Together with Marcelo were “Emilio, a Tuscan, former textile worker, former music student and singer of a certain prominence in the ‘dancing’ of the immediate postwar period; Enrico, from Trieste, a former merchant; Alberto, an accountant, who came from Argentina,” as Gino Lubich reported a few years later in his book Loppiano, a new town, describing, not without humour, the period of foundation. Four pioneers with no specific expertise. But they saw clearly the potential of Loppiano.

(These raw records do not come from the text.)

lemma HB_dist_4_iff:
  assumes u: "u \<in> V2 x n k" and v: "v \<in> V2 x n k"
  shows "HB_dist_is x n k u v 4 \<longleftrightarrow> separated (dagger u) (dagger v)"
proof -
  have uP: "dagger u \<subseteq> Bp" and vP: "dagger v \<subseteq> Bp"
    using u v by (simp_all add: dagger_V2_subset_Bplus)
  have "\<not> walk u v 1" "\<not> walk u v 3" using no_odd_walk[OF u v] by auto
  then have "(\<forall>l<4. \<not> walk u v l) \<longleftrightarrow> \<not> walk u v 0 \<and> \<not> walk u v 2"
    by (auto simp: less_Suc_eq numeral_eq_Suc)
  also have "walk u v 0 \<longleftrightarrow> u = v" using u by (auto simp: has_walk_def HB_verts_def)
  also have "walk u v 2 \<longleftrightarrow> \<not> separated (dagger u) (dagger v)"
  proof -
    have "walk u v 2 \<longleftrightarrow> (\<exists>X. X \<subseteq> Bp \<and> card X = k \<and>
        (X \<subseteq> dagger u \<or> dagger u \<subseteq> X) \<and> (X \<subseteq> dagger v \<or> dagger v \<subseteq> X))"
      unfolding walk_2_iff[OF u v] V1_def by blast
    also have "\<dots> \<longleftrightarrow> \<not> separated (dagger u) (dagger v)"
      unfolding separated_def using card_Bplus k_lt_n
      by (intro ex_card_comparable_both_iff[OF finite_Bplus uP vP]) simp
    finally show ?thesis .
  qed
  finally have "(\<forall>l<4. \<not> walk u v l) \<longleftrightarrow> u \<noteq> v \<and> separated (dagger u) (dagger v)" by simp
  moreover have "separated (dagger u) (dagger v) \<Longrightarrow> u \<noteq> v" by (auto simp: separated_def)
  ultimately show ?thesis using walk_4[OF u v] unfolding HB_dist_is_def dist_is_def by blast
qed

lemma separated_commute: "separated A B \<longleftrightarrow> separated B A"
  unfolding separated_def by (auto simp: Int_commute Un_commute)

lemma HB_dist_4_commute:
  "u \<in> V2 x n k \<Longrightarrow> v \<in> V2 x n k \<Longrightarrow> HB_dist_is x n k u v 4 \<longleftrightarrow> HB_dist_is x n k v u 4"
  using HB_dist_4_iff separated_commute by metis

section \<open>Counting pairs at distance four\<close>

lemma finite_Tset: "finite (Tset n k i j)"
  by (rule finite_subset[of _ "{..<i}"]) (auto simp: Tset_def)

lemma separated_iff_card_inter_in_Tset:
  assumes AP: "A \<subseteq> Bp" and BP: "B \<subseteq> Bp" and "card A = i" "card B = j" "i \<le> j"
  shows "separated A B \<longleftrightarrow> card (A \<inter> B) \<in> Tset n k i j"
proof -
  have fin: "finite A" "finite B" using AP BP finite_Bplus finite_subset by blast+
  have "card (A \<union> B) + card (A \<inter> B) = i + j" using card_Un_Int[OF fin] assms by simp
  moreover have "card (A \<union> B) \<le> n" using card_mono[OF finite_Bplus] AP BP card_Bplus by force
  moreover have "card (A \<inter> B) \<le> card B" using fin by (simp add: card_mono)
  moreover have "separated A B \<longleftrightarrow> card (A \<inter> B) < k \<and> k < card (A \<union> B) \<and>
      card (A \<inter> B) < i \<and> card (A \<inter> B) < j"
    using subset_iff_card_le_card_inter[OF fin(1), of B] subset_iff_card_le_card_inter[OF fin(2), of A]
      assms(3,4) by (auto simp: separated_def Int_commute)
  ultimately show ?thesis using assms(5) by (auto simp: Tset_def)
qed
lemma
  assumes "(a0, b0, Some f0) \<in> Dset" "R_le (a1, b1, Some f1) (a0, b0, Some f0)"
  shows R_le_dom: "dom a0 \<subseteq> dom a1"
    and R_le_fun: "f0 \<subseteq>\<^sub>m f1"
    and R_le_fst: "\<alpha> \<in> dom a0 \<Longrightarrow> prefix (the (a0 \<alpha>)) (the (a1 \<alpha>))"
    and R_le_snd: "\<alpha> \<in> dom a0 \<Longrightarrow> b1 \<alpha> = b0 \<alpha>"
  using assms(2) Dset_dom_snd[OF assms(1)] unfolding R_le_def by auto

lemma take_n_of_R_le:
  assumes D0: "(a0, b0, Some f0) \<in> Dset" and le: "R_le (a1, b1, Some f1) (a0, b0, Some f0)"
    and "\<alpha> \<in> dom a0"
  shows "take (n_of (a0, b0, Some f0)) (the (a1 \<alpha>)) = the (a0 \<alpha>)"
  using R_le_fst[OF D0 le \<open>\<alpha> \<in> dom a0\<close>] Dset_length[OF D0 \<open>\<alpha> \<in> dom a0\<close>]
  by (simp add: prefix_iff_take)

lemma n_of_R_le:
  assumes D0: "(a0, b0, Some f0) \<in> Dset" and D1: "(a1, b1, Some f1) \<in> Dset"
    and le: "R_le (a1, b1, Some f1) (a0, b0, Some f0)"
  shows "n_of (a0, b0, Some f0) \<le> n_of (a1, b1, Some f1)"
proof -
  obtain \<alpha> where "\<alpha> \<in> dom a0"
    using Dset_nonempty[OF D0] by blast
  then show ?thesis
    using R_le_fst[OF D0 le] R_le_dom[OF D0 le] Dset_length[OF D0] Dset_length[OF D1]
    by (metis prefix_length_le subsetD)
qed

lemma proj_seq_R_le_distinct:
  assumes D0: "(a0, b0, Some f0) \<in> Dset" and D1: "(a1, b1, Some f1) \<in> Dset"
    and le: "R_le (a1, b1, Some f1) (a0, b0, Some f0)"
    and i: "n_of (a0, b0, Some f0) \<le> i" "i < n_of (a1, b1, Some f1)"
    and \<alpha>\<beta>: "\<alpha> \<in> dom a0" "\<beta> \<in> dom a0" "\<beta> \<noteq> \<alpha>"
  shows "proj_seq (the (a1 \<beta>)) (the (b1 \<beta>)) f1 ! i \<noteq> proj_seq (the (a1 \<alpha>)) (the (b1 \<alpha>)) f1 ! i"
proof
  let ?\<sigma> = "take (i + 1) (the (a1 \<alpha>))" and ?\<tau> = "take (i + 1) (the (a1 \<beta>))"
  have len: "length (the (a1 \<gamma>)) = n_of (a1, b1, Some f1)" if "\<gamma> \<in> dom a0" for \<gamma>
    using that R_le_dom[OF D0 le] Dset_length[OF D1] by blast
  have "\<not> i < the (b1 \<gamma>)" if "\<gamma> \<in> dom a0" for \<gamma>
    using Dset_snd_le[OF D0 that] R_le_snd[OF D0 le that] i by simp
  moreover assume "proj_seq (the (a1 \<beta>)) (the (b1 \<beta>)) f1 ! i
    = proj_seq (the (a1 \<alpha>)) (the (b1 \<alpha>)) f1 ! i"
  ultimately have "the (f1 ?\<tau>) = the (f1 ?\<sigma>)"
    using i \<alpha>\<beta> len by simp
  moreover have "?\<sigma> \<in> dom f1" "?\<tau> \<in> dom f1"
    using \<alpha>\<beta> R_le_dom[OF D0 le] take_is_prefix unfolding Dset_dom_fun[OF D1] by blast+
  moreover have "length ?\<tau> = length ?\<sigma>"
    using i \<alpha>\<beta> len by simp
  ultimately have "?\<tau> = ?\<sigma>"
    by (metis Dset_inj_on_levels[OF D1] inj_on_levelsD domD option.sel)
  then have "take (n_of (a0, b0, Some f0)) ?\<tau> = take (n_of (a0, b0, Some f0)) ?\<sigma>"
    by simp
  then have "the (a0 \<beta>) = the (a0 \<alpha>)"
    using take_n_of_R_le[OF D0 le] i \<alpha>\<beta> by (simp add: min_def)
  then show False
    using Dset_inj[OF D0] \<alpha>\<beta> by (auto dest: inj_onD)
qed
lemma sum_beta_powers_mem: "(\<Sum>n \<in> N. \<beta> ^ n) \<in> F2_adj \<beta>"
  unfolding F2_adj_eq_int_poly_range by (intro int_poly_range_sum power_in_int_poly_range)

lemma sum_zeta_powers_mem: "(\<Sum>n \<in> N. \<zeta> ^ n) \<in> Zzeta k"
  using zeta_power_mem unfolding Zzeta_eq_int_poly_range by (rule int_poly_range_sum)

lemma phi_hom: "\<phi> \<in> ring_hom (F2_adj_ring \<beta>) (Zzeta_ring k Quot P)"
  using iso by (simp add: ring_iso_def)

lemma inj_on_phi: "inj_on \<phi> (F2_adj \<beta>)"
  using iso by (simp add: ring_iso_def bij_betw_def F2_adj_ring_def)

lemma phi_add:
  "x \<in> F2_adj \<beta> \<Longrightarrow> y \<in> F2_adj \<beta> \<Longrightarrow> \<phi> (x + y) = \<phi> x \<oplus>\<^bsub>Zzeta_ring k Quot P\<^esub> \<phi> y"
  using ring_hom_add[OF phi_hom, of x y] by (simp add: F2_adj_ring_def)

lemma phi_mult:
  "x \<in> F2_adj \<beta> \<Longrightarrow> y \<in> F2_adj \<beta> \<Longrightarrow> \<phi> (x * y) = \<phi> x \<otimes>\<^bsub>Zzeta_ring k Quot P\<^esub> \<phi> y"
  using ring_hom_mult[OF phi_hom, of x y] by (simp add: F2_adj_ring_def)

lemma coset_add:
  "x \<in> Zzeta k \<Longrightarrow> y \<in> Zzeta k \<Longrightarrow> coset (x + y) = coset x \<oplus>\<^bsub>Zzeta_ring k Quot P\<^esub> coset y"
  using ring_hom_add[OF rcos_ring_hom, of x y] by (simp add: Zzeta_ring_def)

lemma coset_mult:
  "x \<in> Zzeta k \<Longrightarrow> y \<in> Zzeta k \<Longrightarrow> coset (x * y) = coset x \<otimes>\<^bsub>Zzeta_ring k Quot P\<^esub> coset y"
  using ring_hom_mult[OF rcos_ring_hom, of x y] by (simp add: Zzeta_ring_def)

lemma phi_one: "\<phi> 1 = coset 1"
  using ring_hom_one[OF phi_hom] ring_hom_one[OF rcos_ring_hom]
  by (simp add: F2_adj_ring_def Zzeta_ring_def)

lemma phi_power: "\<phi> (\<beta> ^ n) = coset (\<zeta> ^ n)"
proof (induction n)
  case 0
  then show ?case using phi_one by simp
next
  case (Suc n)
  have "\<phi> (\<beta> ^ Suc n) = \<phi> \<beta> \<otimes>\<^bsub>Zzeta_ring k Quot P\<^esub> \<phi> (\<beta> ^ n)"
    using phi_mult[OF beta_power_mem[of 1] beta_power_mem[of n]] by simp
  also have "\<dots> = coset (\<zeta> ^ Suc n)"
    using Suc phi_beta coset_mult[OF zeta_mem zeta_power_mem[of n]] by simp
  finally show ?case .
qed

text \<open>\<open>F2_adj_ring \<beta>\<close> is not known to be a ring, so \<open>\<phi> 0 = P\<close> comes from \<open>0 = 1 + 1\<close> and \<open>2 \<in> P\<close>.\<close>

lemma phi_zero: "\<phi> 0 = P"
proof -
  have "(0 :: 'b) = 1 + 1" using of_nat_CHAR_2[OF char2, of 2] by simp
  then have "\<phi> 0 = \<phi> 1 \<oplus>\<^bsub>Zzeta_ring k Quot P\<^esub> \<phi> 1"
    using phi_add[OF beta_power_mem[of 0] beta_power_mem[of 0]] by simp
  also have "\<dots> = coset 2"
    using phi_one coset_add[OF zeta_power_mem[of 0] zeta_power_mem[of 0]] by simp
  also have "\<dots> = P" using a_rcos_zero[OF is_ideal two_mem] by (simp add: Zzeta_ring_def)
  finally show ?thesis .
qed

lemma phi_sum_powers: "finite N \<Longrightarrow> \<phi> (\<Sum>n \<in> N. \<beta> ^ n) = coset (\<Sum>n \<in> N. \<zeta> ^ n)"
proof (induction N rule: finite_induct)
  case empty
  have "0 \<in> P" by (rule primeideal_Zzeta_facts(2)[OF prime])
  then show ?case using phi_zero a_rcos_zero[OF is_ideal] by (simp add: Zzeta_ring_def)
next
  case (insert m N)
  then show ?case
    using phi_add[OF beta_power_mem sum_beta_powers_mem] phi_power
      coset_add[OF zeta_power_mem sum_zeta_powers_mem]
    by simp
qed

Marcelo was connected by videoconference with the Loppiano Auditorium. The interview was one of the “highlights” of the family celebration for Loppiano’s 60th anniversary held on Saturday, Nov. 23. The pioneers arrived, according to Gino’s book, on Sunday, October 4, 1964 (although Marcelo claims they arrived a month earlier), but the date of the celebration was moved to the second half of November so as to rejoice both with the Focolare General Council and leaders of the Movement from around the world – who had come for two weeks to hold their annual meeting – and with those (young people, families, priests) who had arrived in recent weeks to stay until next summer.

 

 

Mauro Mugnai, a citizen of Incisa Valdarno, the town down the hill, shared his own reaction: “They must be crazy. How will they support themselves, living in a depopulated countryside,” which was the general opinion of the local people. He said that they were “baffled by the various skin colours, the different faces and the many languages spoken.” For seven-year-old Mauro, however, it was one discovery after another. His parents ran the local hardware store, which became a popular destination for the newcomers. Getting to know Mauro’s family was a gradual and very positive. For the rest of the population, however, it took the flooding of the Arno River in November 1966, which inundated Incisa. The focolarini and focolarine went down the hill to help those in the mud. “So, prejudices were broken down and everyone discovered,” Mauro reported,” that those lads were very generous and also very normal.

Maria Regina was due to be born in October and in the province of Bergamo. Agnes and her children went down to Loppiano in1965 for their summer holiday so they could be close to their father Tino (Piazza). The little one did not want to wait and so the first citizen of Loppiano was born in September. “During the birth,” she pointed out, “the focolarini went around the little house reciting the rosary. The midwife, who saw (and heard) from the open window that band of young people, was puzzled. The same young people, who then went off into the countryside to find clothes for me. They returned with new, little dresses and even a cradle.”

 

On the other hand, the last born were those young men and women who went to Loppiano for formation as focolarini (even 50 years ago) and who have consolidated their vocation or have subsequently chosen other vocations, never forgetting Loppiano and the experience of living the Gospel. For the past year, those present in Loppiano or scattered around the world have formed the association “Fellow citizens of Loppiano,” with the intention of contributing to the present and future of the little town. Alessandro Agostini is its coordinator, and, after a humorous greeting, he introduced Focolare President Margaret and Co-President Jesús with the award of honorary fellow citizens.

Yesterday’s Loppiano was brilliantly followed by today’s Loppiano, that of the newcomers. Thet introduced themselves with songs, sketches and nursery rhymes, the 12 girls and 13 boys from the Youth Project, the 9 young men and 12 young women participating in the Gen Schools, the 4 couples and 7 children from the Loreto School (in addition to a Mexican couple for the group of leaders), the 17 priests and 3 seminarians at Vivaio, a couple from Milan and Simon from Korea at the Visitation Centre. Departing, however, are seven focolarini and two focolarine for Focolares around the world, now that they have finished their formation period. Finally, Khader, a young man from Gaza, played the cello to accompany the singing of the small group of boys and girls from Palestine, Syria, Egypt and Iraq. The final applause expressed the audience’s deepy-felt appreciation.